From a more feel-good perspective, the same antidepressant-like effects associated with the “runner’s high” has been correlated with a drop in stress hormones. A study from Stockholm showed that the antidepressant effect of running was also associated with more cell growth in the hippocampus, an area of the brain responsible for learning and memory. The study went as far as to say “Thus, suppression of cell proliferation in the hippocampus could constitute one of the mechanisms that underlie depression, and physical activity might be an efficient antidepressant.”

Some Examples

Scientists are continuing to showing that everything from the “runner’s high” to the “yogi’s tranquility” can have profound effects on your brain. Here are just a few examples.


1. Exercise Boosts Memory

The part of the brain that responds strongly to aerobic exercise is called the hippocampus. Since the hippocampus is at the core of the brain’s learning and memory systems, this finding partly explains the memory-boosting effects of improved cardiovascular fitness.

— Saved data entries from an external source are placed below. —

(* Let $\lambda$ be a partition with $d$ distinct part sizes and parameters $(h_1,\dots,h_d)$, $(v_1,\dots,v_d)$. Put $x_i=h_{1,i}$, $y_i=v_{1,i}$ for $1\le i\le d$ and $x_0=y_0=0$. Then for $0\le s\le d$, \[ p_{0,s}=\frac{\prod_{i=1}^d(q^{x_s}t^{y_s}-q^{x_{i-1}}t^{y_i})}{\prod_{i=0,i\ne s}^d(q^{x_s}t^{y_s}-q^{x_i}t^{y_i})},\qquad \overline{p}_{0,s}=\frac{\prod_{i=1}^d(q^{x_s-1}t^{y_s+1}-q^{x_{i-1}}t^{y_i})}{\prod_{i=0,i\ne s}^d(q^{x_s-1}t^{y_s+1}-q^{x_i}t^{y_i})}, \] and for $1\le r\le d$, \[ p_{r,s}=\prod_{i=0,i\ne s}^d\frac{q^{x_{r-1}+1}t^{y_r-1}-q^{x_i}t^{y_i}}{q^{x_s}t^{y_s}-q^{x_i}t^{y_i}}\prod_{i=1,i\ne r}^d\frac{q^{x_s}t^{y_s}-q^{x_{i-1}}t^{y_i}}{q^{x_{r-1}+1}t^{y_r-1}-q^{x_{i-1}}t^{y_i}}, \] \[ \overline{p}_{r,s}=\prod_{i=0,i\ne s}^d\frac{q^{x_{r-1}}t^{y_r}-q^{x_i}t^{y_i}}{q^{x_s-1}t^{y_s+1}-q^{x_i}t^{y_i}}\prod_{i=1,i\ne r}^d\frac{q^{x_s-1}t^{y_s+1}-q^{x_{i-1}}t^{y_i}}{q^{x_{r-1}}t^{y_r}-q^{x_{i-1}}t^{y_i}}. \]
   Context: Partitions are Young diagrams in French convention (cells $(x,y)\in\mathbb{Z}_{>0}^2$, $x\le\lambda_y$), $\lambda'$ the conjugate; for $c=(x,y)\in\lambda$, $a_\lambda(c)=\lambda_y-x$, $\ell_\lambda(c)=\lambda'_x-y$; $n(\kappa)=\sum_{c\in\kappa}\ell_\kappa(c)$, $n'(\kappa)=\sum_{c\in\kappa}a_\kappa(c)$, $n(\rho/\kappa)=n(\rho)-n(\kappa)$, $n'(\rho/\kappa)=n'(\rho)-n'(\kappa)$. For $\kappa\subseteq\rho$, $\mathcal{R}_{\rho/\kappa}$ (resp. $\mathcal{C}_{\rho/\kappa}$): cells of $\kappa$ in a row (resp. column) containing a cell of $\rho/\kappa$. $[i,j]=1-q^it^j$. For $\kappa\lessdot\rho$ (one-cell difference): $\alpha_{\rho/\kappa}=\prod_{c\in\mathcal{R}_{\rho/\kappa}}\frac{[a_\kappa(c),\ell_\kappa(c)+1]}{[a_\rho(c),\ell_\rho(c)+1]}\prod_{c\in\mathcal{C}_{\rho/\kappa}}\frac{[a_\kappa(c)+1,\ell_\kappa(c)]}{[a_\rho(c)+1,\ell_\rho(c)]}$, $\overline{\alpha}_{\rho/\kappa}=\prod_{c\in\mathcal{R}_{\rho/\kappa}}\frac{[a_\kappa(c)+1,\ell_\kappa(c)]}{[a_\rho(c)+1,\ell_\rho(c)]}\prod_{c\in\mathcal{C}_{\rho/\kappa}}\frac{[a_\kappa(c),\ell_\kappa(c)+1]}{[a_\rho(c),\ell_\rho(c)+1]}$, $\beta=1/\alpha$, $\overline{\beta}=1/\overline{\alpha}$. For $\mu\lessdot\lambda\lessdot\nu$, with $A=n'(\lambda/\mu)-n'(\nu/\lambda)$, $B=n(\nu/\lambda)-n(\lambda/\mu)$: $\gamma_{\nu/\lambda/\mu}=\frac{(1-q^At^B)(1-q^{A+1}t^{B-1})}{(1-q)(1-t)}$. Probabilities: $\mathcal{P}_\lambda(\lambda\rightarrow\nu)=t^{n(\nu/\lambda)}\alpha_{\nu/\lambda}$, $\overline{\mathcal{P}}_\lambda(\lambda\leftarrow\nu)=t^{n(\nu/\lambda)}\overline{\alpha}_{\nu/\lambda}$, and for $\mu\lessdot\lambda$: $\mathcal{P}_\lambda(\mu\rightarrow\nu)=t^{B-1}\alpha_{\nu/\lambda}\beta_{\lambda/\mu}/\gamma_{\nu/\lambda/\mu}$, $\overline{\mathcal{P}}_\lambda(\mu\leftarrow\nu)=t^{B-1}\overline{\alpha}_{\nu/\lambda}\overline{\beta}_{\lambda/\mu}/\gamma_{\nu/\lambda/\mu}$. Parameters: if $\lambda$ has distinct part sizes $u_1>\dots>u_d>0$, $v_i$ is the multiplicity of $u_i$ and $h_i=u_i-u_{i+1}$ ($u_{d+1}=0$); $h_{i,j}=h_i+\dots+h_j$, $v_{i,j}=v_i+\dots+v_j$ for $i\le j$. For $0\le s\le d$, $\lambda^{(+s)}$ is obtained by adding a cell in row $v_{1,s}+1$; $\lambda^{(-0)}=\lambda$, and for $1\le r\le d$, $\lambda^{(-r)}$ is obtained by removing a cell from row $v_{1,r}$. $p_{r,s}=\mathcal{P}_\lambda(\lambda^{(-r)}\rightarrow\lambda^{(+s)})$, $\overline{p}_{r,s}=\overline{\mathcal{P}}_\lambda(\lambda^{(-r)}\leftarrow\lambda^{(+s)})$. *)

theory Defs
  imports Main
begin

text \<open>A partition is a weakly decreasing list of positive naturals; row y (1-based) has
length prt lam y. Cells are pairs (x,y) with 1 <= x <= lam_y.\<close>

definition is_partition :: "nat list \<Rightarrow> bool" where
  "is_partition lam \<longleftrightarrow> sorted_wrt (\<ge>) lam \<and> (\<forall>p\<in>set lam. 0 < p)"

definition prt :: "nat list \<Rightarrow> nat \<Rightarrow> nat" where
  "prt lam y = (if 0 < y \<and> y \<le> length lam then lam ! (y - 1) else 0)"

2. Exercise Increases Concentration

Exercise can actually help you focus and stay on task longer. During a study in Holland, they interspersed lectures with 20-minute long aerobics-style workouts and found that it improved the attention spans of the students. Then a large randomised controlled trial in the US looked at the effects of daily sports classes which spanned the entire school year. The students got fitter but they also became better at multitasking, ignoring distractions, and processing complex information.

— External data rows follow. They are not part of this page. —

(* Let $G_{wy}$ and $G_{zx}$ be Lagrangian grid diagrams of the same size $n$ (in the $(w,y)$-plane and the $(z,x)$-plane respectively) such that $|\Delta t(c_i)|\neq|\Delta t(c'_j)|$ for every crossing $c_i$ of $G_{wy}$ and every crossing $c'_j$ of $G_{zx}$. Then there is a Lagrangian hypercube diagram whose $wy$- and $zx$-projections are $G_{wy}$ and $G_{zx}$.
   Context: Grid conventions. In a plane with coordinates $(a,b)$ (here $(a,b)=(w,y)$ or $(a,b)=(z,x)$), an immersed grid diagram of size $n$ is an $n\times n$ grid of unit cells in $[0,n]^2$ with two kinds of markings at centers of cells, each row and each column containing exactly one marking of each kind; joining each marking of the first kind to the marking of the second kind in its row by an $a$-parallel segment, and each marking of the second kind to the marking of the first kind in its column by a $b$-parallel segment, gives an oriented connected closed piecewise-linear curve, with no crossing information, viewed as an immersion $\gamma:\mathbb{R}/2\pi\mathbb{Z}\to\mathbb{R}^2$, $\theta\mapsto(a(\theta),b(\theta))$. It is a Lagrangian grid diagram if (1) $\int_0^{2\pi}b\,a'\,d\theta=0$ and (2) $\int_{\theta_0}^{\theta_1}b\,a'\,d\theta\neq0$ whenever $\theta_0\neq\theta_1$ and $\gamma(\theta_0)=\gamma(\theta_1)$. For a crossing $c=\gamma(\theta_0)=\gamma(\theta_1)$ put $|\Delta t(c)|=|\int_{\theta_0}^{\theta_1}b\,a'\,d\theta|$. Hypercube diagrams. Let $C=[0,n]^4$ with coordinates $(w,x,y,z)$. A flat is a product in which two coordinates range over $[0,n]$ and the other two over unit intervals $[k,k+1]$, named by its two full coordinates; a cube is a product in which three coordinates range over $[0,n]$ and one over a unit interval. Markings are points with coordinates in $\mathbb{Z}+\frac12$ labelled $W,X,Y,Z$. Marking conditions: each cube contains exactly one marking of each label; each cube contains exactly two flats containing exactly three markings; in each such flat the three markings form a right angle with rays parallel to coordinate axes; its vertex is $W$ iff the flat is a $zw$-flat, $X$ iff a $wx$-flat, $Y$ iff an $xy$-flat, $Z$ iff a $yz$-flat. Join each $W$ to an $X$ by a $w$-parallel segment, each $X$ to a $Y$ by an $x$-parallel segment, each $Y$ to a $Z$ by a $y$-parallel segment and each $Z$ to a $W$ by a $z$-parallel segment; the projections of this curve to the $(w,y)$- and $(z,x)$-planes are immersed grid diagrams (the $wy$- and $zx$-projections). A Lagrangian hypercube diagram is such a marked hypercube satisfying the marking conditions whose two projections are Lagrangian grid diagrams with $|\Delta t(c)|\neq|\Delta t(c')|$ for all crossings $c$ of the $zx$-projection and $c'$ of the $wy$-projection. *)

theory Defs
  imports "HOL-Analysis.Analysis"
begin

text \<open>A cell of the n x n grid is indexed by (a,b) with a,b < n; its centre is
  (a + 1/2, b + 1/2).  A grid diagram is a pair (M1, M2) of the cells carrying
  markings of the first and of the second kind.\<close>

type_synonym cell = "nat \<times> nat"
type_synonym grid = "cell set \<times> cell set"

definition grid_diagram :: "nat \<Rightarrow> grid \<Rightarrow> bool" where
  "grid_diagram n G \<longleftrightarrow>
     fst G \<subseteq> {0..<n} \<times> {0..<n} \<and> snd G \<subseteq> {0..<n} \<times> {0..<n} \<and>
     (\<forall>b<n. \<exists>!a. (a, b) \<in> fst G) \<and> (\<forall>b<n. \<exists>!a. (a, b) \<in> snd G) \<and>
     (\<forall>a<n. \<exists>!b. (a, b) \<in> fst G) \<and> (\<forall>a<n. \<exists>!b. (a, b) \<in> snd G)"

definition row_mark :: "cell set \<Rightarrow> nat \<Rightarrow> nat" where
  "row_mark M b = (THE a. (a, b) \<in> M)"

definition col_mark :: "cell set \<Rightarrow> nat \<Rightarrow> nat" where
  "col_mark M a = (THE b. (a, b) \<in> M)"

text \<open>From a first-kind marking go along its row (a-parallel) to the second-kind
  marking, then along that column (b-parallel) to the next first-kind marking.\<close>
definition grid_next :: "grid \<Rightarrow> cell \<Rightarrow> cell" where
  "grid_next G p = (let a' = row_mark (snd G) (snd p) in (a', col_mark (fst G) a'))"

text \<open>The associated curve is an immersed (nondegenerate) connected closed curve.\<close>
definition immersed_grid_diagram :: "nat \<Rightarrow> grid \<Rightarrow> bool" where
  "immersed_grid_diagram n G \<longleftrightarrow>
     grid_diagram n G \<and> 0 < n \<and> fst G \<inter> snd G = {} \<and>
     (\<forall>p\<in>fst G. \<forall>q\<in>fst G. \<exists>k. (grid_next G ^^ k) p = q)"

definition grid_start :: "grid \<Rightarrow> cell" where
  "grid_start G = (0, col_mark (fst G) 0)"

text \<open>Vertices of the curve: even index = first-kind marking, odd index = second-kind.\<close>
definition grid_vertex :: "grid \<Rightarrow> nat \<Rightarrow> real \<times> real" where
  "grid_vertex G k =
     (let p = (grid_next G ^^ (k div 2)) (grid_start G);
          c = (if even k then p else (row_mark (snd G) (snd p), snd p))
      in (real (fst c) + 1/2, real (snd c) + 1/2))"

text \<open>The immersion gamma : R/2piZ -> R^2 (as a 2pi-periodic map on R), traversing the
  2n segments at constant speed in parameter.\<close>
definition grid_curve :: "nat \<Rightarrow> grid \<Rightarrow> real \<Rightarrow> real \<times> real" where
  "grid_curve n G \<theta> =
     (let s = frac (\<theta> / (2 * pi)) * real (2 * n); k = nat \<lfloor>s\<rfloor>; t = s - real k
      in (1 - t) *\<^sub>R grid_vertex G k + t *\<^sub>R grid_vertex G (Suc k))"

definition grid_action :: "nat \<Rightarrow> grid \<Rightarrow> real \<Rightarrow> real \<Rightarrow> real" where
  "grid_action n G \<theta>0 \<theta>1 =
     (let f = (\<lambda>\<theta>. snd (grid_curve n G \<theta>) * deriv (\<lambda>s. fst (grid_curve n G s)) \<theta>)
      in if \<theta>0 \<le> \<theta>1 then integral {\<theta>0..\<theta>1} f else - integral {\<theta>1..\<theta>0} f)"

definition lagrangian_grid :: "nat \<Rightarrow> grid \<Rightarrow> bool" where
  "lagrangian_grid n G \<longleftrightarrow>
     immersed_grid_diagram n G \<and>
     grid_action n G 0 (2 * pi) = 0 \<and>
     (\<forall>\<theta>0\<in>{0..<2*pi}. \<forall>\<theta>1\<in>{0..<2*pi}.
        \<theta>0 \<noteq> \<theta>1 \<and> grid_curve n G \<theta>0 = grid_curve n G \<theta>1 \<longrightarrow> grid_action n G \<theta>0 \<theta>1 \<noteq> 0)"

definition crossing_actions :: "nat \<Rightarrow> grid \<Rightarrow> real set" where
  "crossing_actions n G =
     {\<bar>grid_action n G \<theta>0 \<theta>1\<bar> | \<theta>0 \<theta>1. \<theta>0 \<in> {0..<2*pi} \<and> \<theta>1 \<in> {0..<2*pi} \<and>
        \<theta>0 \<noteq> \<theta>1 \<and> grid_curve n G \<theta>0 = grid_curve n G \<theta>1}"

datatype axis = Aw | Ax | Ay | Az
datatype label = LW | LX | LY | LZ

3. Exercise Improves Mental Health

We’ve all heard of (or experienced) the runner’s high – that feeling of happiness and clarity that often follows exercise – well, it is real. It has even been observed in mice and evidence points to a pleasurable and pain-killing firing of the endocannabinoid system (also known as the psychoactive receptor for cannabis).

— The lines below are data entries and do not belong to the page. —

(* Consider the closed-loop system $$\dot X(t)=f\big(X(t),u(0,t)\big),\quad u_t(x,t)=v\big(u(x,t)\big)u_x(x,t),\quad u(1,t)=\kappa\big(p(1,t)\big),$$ with $p(x,t)=X(t)+\int_0^x f(p(y,t),u(y,t))\Gamma(u(y,t),u_y(y,t),y)\,dy$, $\Gamma(u,u_x,x)=\frac{1}{v(u)}-\frac{x v'(u)u_x}{v(u)^2}$, under Assumptions (A1)–(A3) below, let $M>0$ be fixed, and define $w(x,t)=u(x,t)-\kappa(p(x,t))$. There exists a class $\mathcal{K}_\infty$ function $\rho_2$ such that for all solutions of the closed-loop system satisfying $$-M<\frac{v'\big(u(x,t)\big)u_x(x,t)}{v\big(u(x,t)\big)}<1\quad\text{for all }x\in[0,1],\ t\ge0,$$ the following holds: $$\|p(t)\|_\infty+\|p_x(t)\|_\infty\le\rho_2\big(|X(t)|+\|w(t)\|_\infty\big)\quad\text{for all }t\ge0.$$
   Context: $X(t)\in\mathbb{R}^n$, $u(x,t)\in\mathbb{R}$, $x\in[0,1]$, $t\ge0$; $f:\mathbb{R}^n\times\mathbb{R}\to\mathbb{R}^n$ is continuously differentiable with $f(0,0)=0$. (A1) $v:\mathbb{R}\to\mathbb{R}_+$ is twice continuously differentiable and $v(u)\ge\underline v>0$ for all $u$. (A2) $\dot X=f(X,\omega)$ is strongly forward complete w.r.t. $\omega$: there exist smooth $R:\mathbb{R}^n\to\mathbb{R}_+$ and class $\mathcal{K}_\infty$ functions $\alpha_1,\alpha_2,\alpha_3$ with $\alpha_1(|X|)\le R(X)\le\alpha_2(|X|)$, $\frac{\partial R}{\partial X}f(X,\omega)\le R(X)+\alpha_3(|\omega|)$. (A3) $\kappa:\mathbb{R}^n\to\mathbb{R}$ is twice continuously differentiable, $\kappa(0)=0$, and $\dot X=f(X,\kappa(X)+\omega)$ is input-to-state stable w.r.t. $\omega$. Solutions are continuously differentiable functions $X$, $u$ satisfying the closed-loop equations. For vector-valued $p$, $\|p(t)\|_\infty=\max_{x\in[0,1]}|p(x,t)|$, $\|p_x(t)\|_\infty=\max_{x\in[0,1]}|p_x(x,t)|$ ($|\cdot|$ Euclidean); $\|w(t)\|_\infty=\max_{x\in[0,1]}|w(x,t)|$. *)

theory Defs
  imports "HOL-Analysis.Analysis"
begin

definition class_K :: "(real \<Rightarrow> real) \<Rightarrow> bool" where
  "class_K \<alpha> \<longleftrightarrow> continuous_on {0..} \<alpha> \<and> \<alpha> 0 = 0 \<and> strict_mono_on {0..} \<alpha>"

definition class_K_inf :: "(real \<Rightarrow> real) \<Rightarrow> bool" where
  "class_K_inf \<alpha> \<longleftrightarrow> class_K \<alpha> \<and> filterlim \<alpha> at_top at_top"

definition class_KL :: "(real \<Rightarrow> real \<Rightarrow> real) \<Rightarrow> bool" where
  "class_KL \<beta> \<longleftrightarrow>
     (\<forall>t\<ge>0. class_K (\<lambda>s. \<beta> s t)) \<and>
     (\<forall>s\<ge>0. antimono_on {0..} (\<beta> s) \<and> ((\<beta> s) \<longlongrightarrow> 0) at_top)"
(* Let $\Bbbk$ be a field of characteristic zero and $M$ a generalized Coxeter matrix. Then $NC(M)$ is not a bialgebra: there do not exist algebra homomorphisms $\Delta : NC(M) \to NC(M) \otimes NC(M)$ and $\varepsilon : NC(M) \to \Bbbk$ with $(\mathrm{id} \otimes \varepsilon)\circ \Delta = \mathrm{id} = (\varepsilon \otimes \mathrm{id}) \circ \Delta$.
   Context: A generalized Coxeter matrix is a symmetric matrix $M = (m_{ij})_{i,j \in I}$ with $I$ finite, $m_{ij} \in \{2,3,\dots\} \cup \{\infty\}$ for $i \neq j$, and $m_{ii} \in \{2,3,\dots\}$ (finite) for all $i$. For a commutative unital ring $\Bbbk$, the generalized nil-Coxeter algebra is $NC(M) := \Bbbk\langle T_i : i \in I\rangle / (\text{braid relations } \underbrace{T_iT_jT_i\cdots}_{m_{ij}} = \underbrace{T_jT_iT_j\cdots}_{m_{ij}} \text{ for } i\neq j,\ m_{ij}<\infty;\ T_i^{m_{ii}} = 0 \ \forall i)$. *)

theory Defs
  imports Main "HOL-Library.Extended_Nat" "HOL-Library.Function_Algebras"
begin

definition gen_coxeter :: "('i \<Rightarrow> 'i \<Rightarrow> enat) \<Rightarrow> bool" where
  "gen_coxeter M \<longleftrightarrow> (\<forall>i j. M i j = M j i) \<and> (\<forall>i j. M i j \<ge> 2) \<and> (\<forall>i. M i i \<noteq> \<infinity>)"

text \<open>Free algebra k<T_i : i in I>: finitely supported functions on words.\<close>
definition ncpoly :: "('i list \<Rightarrow> 'k::field) set" where
  "ncpoly = {f. finite {w. f w \<noteq> 0}}"

definition ncmon :: "'i list \<Rightarrow> 'i list \<Rightarrow> 'k::field" where
  "ncmon w = (\<lambda>u. if u = w then 1 else 0)"

definition ncone :: "'i list \<Rightarrow> 'k::field" where
  "ncone = ncmon []"

definition ncmul :: "('i list \<Rightarrow> 'k::field) \<Rightarrow> ('i list \<Rightarrow> 'k) \<Rightarrow> 'i list \<Rightarrow> 'k" where
  "ncmul f g = (\<lambda>w. \<Sum>n\<le>length w. f (take n w) * g (drop n w))"

definition ncsmult :: "'k::field \<Rightarrow> ('a \<Rightarrow> 'k) \<Rightarrow> 'a \<Rightarrow> 'k" where
  "ncsmult c f = (\<lambda>w. c * f w)"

Science is also increasingly backing the yogi’s claim of the “relaxation response”. A 2010 study titled Stress reduction correlates with structural changes in the amygdala put participants through eight weeks of daily yoga and meditation practice. The study concluded “… participants reported significantly reduced perceived stress. Reductions in perceived stress correlated positively with decreases in right basolateral amygdala gray matter density.”

The researchers stated that exercise seemed as effective as antidepressant drugs and psychological treatments.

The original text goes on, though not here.